## Task instructions
From the entries below, please gather each line containing the string "cases".

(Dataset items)
--- START ---

lemma Fd_subset_normalizer: "Fd d G \<rho> \<kappa> \<subseteq> Td_normalizer d G \<rho> \<kappa> (Fd d G \<rho> \<kappa>)"
proof
  fix x assume "x \<in> Fd d G \<rho> \<kappa>"
  then obtain r where r: "r \<in> dary_pair_rels" "x = fd_class r" by (auto simp: Fd_eq)
  let ?conj = "\<lambda>f. Td_mult d G \<rho> \<kappa> (Td_inv d G \<rho> \<kappa> x) (Td_mult d G \<rho> \<kappa> f x)"
  obtain A B where m: "(A, \<one>\<^bsub>G (nleaves A)\<^esub>, B) \<in> fd_class r"
    using fd_class_nonempty[OF r(1)] .
  then have "cls (A, \<one>\<^bsub>G (nleaves A)\<^esub>, B) = x" "(A, \<one>\<^bsub>G (nleaves A)\<^esub>, B) \<in> trip"
    using tclass_unit r(2) unfolding fd_class_def unit_triples_def by auto
  then have "x \<in> Td_carrier d G \<rho> \<kappa>" unfolding Td_carrier_def by blast
  moreover have "{?conj f | f. f \<in> fd_class ` dary_pair_rels} = fd_class ` dary_pair_rels"
  proof (intro equalityI subsetI)
    fix y assume "y \<in> {?conj f | f. f \<in> fd_class ` dary_pair_rels}"
    then obtain s where s: "s \<in> dary_pair_rels" "y = ?conj (fd_class s)" by blast
    then have "y = fd_class (r\<inverse> O (s O r))" using Td_conj_fd_class[OF r(1) s(1)] r(2) by simp
    then show "y \<in> fd_class ` dary_pair_rels"
      using relcomp_in_dary_pair_rels converse_in_dary_pair_rels r(1) s(1) by blast
  next
    fix y assume "y \<in> fd_class ` dary_pair_rels"
    then obtain s where s: "s \<in> dary_pair_rels" "y = fd_class s" by blast
    let ?s = "r O (s O r\<inverse>)"
    have s': "?s \<in> dary_pair_rels"
      using relcomp_in_dary_pair_rels converse_in_dary_pair_rels r(1) s(1) by blast
    have "r\<inverse> O (?s O r) = (r\<inverse> O r) O s O (r\<inverse> O r)" by (simp add: O_assoc)
    also have "\<dots> = s"
      using converse_relcomp_self[OF r(1)] Id_on_relcomp_Id_on[OF dary_pair_rels_subset[OF s(1)]]
      by simp
    finally have "?conj (fd_class ?s) = y" using Td_conj_fd_class[OF r(1) s'] s(2) r(2) by simp
    with s' show "y \<in> {?conj f | f. f \<in> fd_class ` dary_pair_rels}" by blast
  qed
  ultimately show "x \<in> Td_normalizer d G \<rho> \<kappa> (Fd d G \<rho> \<kappa>)"
    unfolding Td_normalizer_def Fd_eq by blast
qed
lemma of_fps_compose_X_power:
  assumes N: "N > 0" and k: "k > 0"
  shows "of_fps (N * k) (P oo fps_X ^ k) = of_fps N P"
proof
  fix q
  show "of_fps (N * k) (P oo fps_X ^ k) q = of_fps N P q"
  proof (cases "\<exists>n::nat. q = of_nat n / of_nat (N * k)")
    case True
    then obtain n where n: "q = of_nat n / of_nat (N * k)" by blast
    have "of_fps (N * k) (P oo fps_X ^ k) q = (P oo fps_X ^ k) $ n"
      unfolding n by (rule of_fps_nth) (use N k in simp)
    also have "\<dots> = of_fps N P q"
    proof (cases "k dvd n")
      case True
      then obtain j where j: "n = k * j" by blast
      then show ?thesis using n N k of_fps_nth[OF N, of P j] by simp
    next
      case False
      have "q \<noteq> of_nat j / of_nat N" for j :: nat
        using False n rat_frac_eq_frac_mult[OF N k, of n j] by auto
      then show ?thesis using False k by (simp add: of_fps_outside fps_compose_X_power_nth)
    qed
    finally show ?thesis .
  next
    case False
    have "q \<noteq> of_nat j / of_nat N" for j :: nat
      using False[simplified, rule_format, of "j * k"] N k by auto
    then show ?thesis using False by (simp add: of_fps_outside)
  qed
qed

text \<open>The objects defined through \<open>den\<close> can be computed at any level of the series.\<close>

lemma of_fps_level_independent:
  assumes E: "\<And>N k. level N \<phi> \<Longrightarrow> k > 0 \<Longrightarrow> E (N * k) = E N oo fps_X ^ k"
    and N: "level N \<phi>" and M: "level M \<phi>"
  shows "of_fps N (E N) = of_fps M (E M)"
proof -
  have N0: "N > 0" and M0: "M > 0" using N M level_pos by blast+
  have "of_fps N (E N) = of_fps (N * M) (E (N * M))"
    using of_fps_compose_X_power[OF N0 M0] E[OF N M0] by simp
  also have "\<dots> = of_fps (M * N) (E (M * N))" by (simp add: mult.commute)
  also have "\<dots> = of_fps M (E M)"
    using of_fps_compose_X_power[OF M0 N0] E[OF M N0] by simp
  finally show ?thesis .
qed

lemma yfps_0 [simp]: "yfps N 0 = 0"
  by (simp add: yfps_def fps_eq_iff)

lemma yfps_eq_compose:
  "N > 0 \<Longrightarrow> yfps N a = fps_of_poly (map_poly of_real a) oo fps_X ^ N"
  by (auto simp: fps_eq_iff yfps_def fps_compose_X_power_nth coeff_map_poly)

lemma idom_hom_yfps:
  assumes "N > 0"
  shows "idom_hom (yfps N)"
proof -
  have "yfps N = (\<lambda>P. P oo fps_X ^ N) \<circ> fps_of_poly \<circ> map_poly of_real"
    using assms by (auto simp: yfps_eq_compose)
  moreover have "idom_hom ((\<lambda>P. P oo fps_X ^ N) \<circ> fps_of_poly \<circ> map_poly (of_real :: real \<Rightarrow> complex))"
    by (intro idom_hom_comp idom_hom_fps_compose idom_hom_fps_of_poly idom_hom_map_poly
        idom_hom_of_real) (use assms in \<open>simp add: fps_X_power_nth\<close>)
  ultimately show ?thesis by simp
qed
lemma hermitian_mix:
  assumes "\<And>x. x < n \<Longrightarrow> rho x \<in> carrier_mat m m" "\<And>x. x < n \<Longrightarrow> mat_adjoint (rho x) = rho x"
  shows "mat_adjoint (mix n m rho p) = mix n m rho p"
proof (rule eq_matI)
  fix i j assume "i < dim_row (mix n m rho p)" "j < dim_col (mix n m rho p)"
  hence ij: "i < m" "j < m" by auto
  have "cnj (rho x $$ (j,i)) = rho x $$ (i,j)" if "x < n" for x
    using cnj_index_hermitian[OF assms(2)[OF that] assms(1)[OF that] ij] .
  thus "mat_adjoint (mix n m rho p) $$ (i,j) = mix n m rho p $$ (i,j)"
    using ij by (simp add: index_mix cnj_sum)
qed auto

lemma density_mat_qform:
  assumes "density_mat m A" "v \<in> carrier_vec m"
  shows "qform A v = complex_of_real (Re (qform A v))" "0 \<le> Re (qform A v)"
  using psd_mat_qform[OF density_matD(2,1)[OF assms(1)] assms(2)] by auto

lemma qform_mix_density:
  assumes rho: "\<forall>x<n. density_mat m (rho x)" and v: "v \<in> carrier_vec m"
  shows "qform (mix n m rho p) v = complex_of_real (\<Sum>x<n. p x * Re (qform (rho x) v))"
proof -
  have "qform (mix n m rho p) v = (\<Sum>x<n. complex_of_real (p x) * qform (rho x) v)"
    by (rule qform_mix[OF v]) (use rho density_matD in auto)
  also have "\<dots> = (\<Sum>x<n. complex_of_real (p x * Re (qform (rho x) v)))"
    using rho v density_mat_qform(1) by (intro sum.cong refl) (metis lessThan_iff of_real_mult)
  finally show ?thesis by simp
qed

lemma density_mix:
  assumes rho: "\<forall>x<n. density_mat m (rho x)" and p: "p \<in> simplex n"
  shows "density_mat m (mix n m rho p)"
proof -
  have rc: "\<And>x. x < n \<Longrightarrow> rho x \<in> carrier_mat m m"
    and rh: "\<And>x. x < n \<Longrightarrow> mat_adjoint (rho x) = rho x"
    using rho density_matD(1,4) by blast+
  have p0: "\<And>x. x < n \<Longrightarrow> 0 \<le> p x" and p1: "(\<Sum>x<n. p x) = 1"
    using p unfolding simplex_def by auto
  have "psd_mat (mix n m rho p)"
  proof (rule psd_matI[OF mix_carrier hermitian_mix[OF rc rh]])
    fix v :: "complex vec" assume v: "v \<in> carrier_vec m"
    have "0 \<le> (\<Sum>x<n. p x * Re (qform (rho x) v))"
      using p0 rho v density_mat_qform(2) by (intro sum_nonneg mult_nonneg_nonneg) auto
    thus "qform (mix n m rho p) v = complex_of_real (Re (qform (mix n m rho p) v))
        \<and> 0 \<le> Re (qform (mix n m rho p) v)"
      unfolding qform_mix_density[OF rho v] by simp
  qed
  moreover have "mtrace (mix n m rho p) = 1"
  proof -
    have "mtrace (mix n m rho p) = (\<Sum>x<n. complex_of_real (p x) * mtrace (rho x))"
      by (rule mtrace_mix) (rule rc)
    also have "\<dots> = (\<Sum>x<n. complex_of_real (p x))"
      using rho density_matD(3) by (intro sum.cong refl) auto
    finally show ?thesis using p1 by (metis of_real_1 of_real_sum)
  qed
  ultimately show ?thesis unfolding density_mat_def by simp
qed

lemma qform_mix_eq_0:
  assumes rho: "\<forall>x<n. density_mat m (rho x)" and v: "v \<in> carrier_vec m"
    and q: "\<forall>x<n. 0 < q x" and zero: "qform (mix n m rho q) v = 0"
  shows "qform (mix n m rho p) v = 0"
proof -
  have "0 \<le> Re (qform (rho x) v)" if "x < n" for x
    using density_mat_qform(2) rho v that by blast
  hence nonneg: "0 \<le> q x * Re (qform (rho x) v)" if "x \<in> {..<n}" for x
    using q that by (meson lessThan_iff less_imp_le mult_nonneg_nonneg)
  have "(\<Sum>x<n. q x * Re (qform (rho x) v)) = 0"
    using zero unfolding qform_mix_density[OF rho v] by (simp only: of_real_eq_0_iff)
  hence "\<forall>x<n. Re (qform (rho x) v) = 0"
    using sum_nonneg_eq_0_iff[OF finite_lessThan nonneg] q by fastforce
  thus ?thesis unfolding qform_mix_density[OF rho v] by simp
qed

lemma mix_klein_inequality:
  assumes rho: "\<forall>x<n. density_mat m (rho x)" and p: "p \<in> simplex n"
    and q: "q \<in> simplex n" "\<forall>x<n. 0 < q x"
  shows "Re (mtrace (mix n m rho p * mat_ln (mix n m rho q)))
    \<le> Re (mtrace (mix n m rho p * mat_ln (mix n m rho p)))"
proof (rule klein_inequality)
  show "psd_mat (mix n m rho p)" "psd_mat (mix n m rho q)"
    and "mtrace (mix n m rho p) = mtrace (mix n m rho q)"
    using density_matD(2,3)[OF density_mix[OF rho p]] density_matD(2,3)[OF density_mix[OF rho q(1)]]
    by auto
qed (use qform_mix_eq_0[OF rho _ q(2)] in auto)

section \<open>The Blahut-Arimoto iterates\<close>

text \<open>In the notation of the update, \<open>r\<^sup>t\<^sub>x = p\<^sup>t\<^sub>x * exp (ba_score \<dots> p\<^sup>t x)\<close>,
  and \<open>ba_norm \<dots> p\<^sup>t\<close> is the normaliser \<open>\<Sum>\<^sub>y r\<^sup>t\<^sub>y\<close>.\<close>

definition ba_score :: "nat \<Rightarrow> nat \<Rightarrow> (nat \<Rightarrow> complex mat) \<Rightarrow> (nat \<Rightarrow> real) \<Rightarrow> real
    \<Rightarrow> (nat \<Rightarrow> real) \<Rightarrow> nat \<Rightarrow> real" where
  "ba_score n m rho s lam p x =
     Re (mtrace (rho x * (mat_ln (rho x) - mat_ln (mix n m rho p)))) - lam * s x"

definition ba_norm :: "nat \<Rightarrow> nat \<Rightarrow> (nat \<Rightarrow> complex mat) \<Rightarrow> (nat \<Rightarrow> real) \<Rightarrow> real
    \<Rightarrow> (nat \<Rightarrow> real) \<Rightarrow> real" where
  "ba_norm n m rho s lam p = (\<Sum>y<n. p y * exp (ba_score n m rho s lam p y))"

lemma ba_score_eq:
  assumes rho: "\<forall>x<n. density_mat m (rho x)" and x: "x < n"
  shows "ba_score n m rho s lam p x = Re (mtrace (rho x * mat_ln (rho x)))
    - Re (mtrace (rho x * mat_ln (mix n m rho p))) - lam * s x"
proof -
  have rc: "\<And>y. y < n \<Longrightarrow> rho y \<in> carrier_mat m m"
    and rh: "\<And>y. y < n \<Longrightarrow> mat_adjoint (rho y) = rho y"
    using rho density_matD(1,4) by blast+
  have "mat_ln (rho x) \<in> carrier_mat m m" "mat_ln (mix n m rho p) \<in> carrier_mat m m"
    using mat_ln_carrier rc rh hermitian_mix[OF rc rh] x by auto
  thus ?thesis unfolding ba_score_def using mtrace_mult_minus[OF rc[OF x]] by simp
qed

declare ba_iter.simps(2) [simp del]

--- END ---

## Answer box
  proof (cases "\<exists>n::nat. q = of_nat n / of_nat (N * k)")
    proof (cases "k dvd n")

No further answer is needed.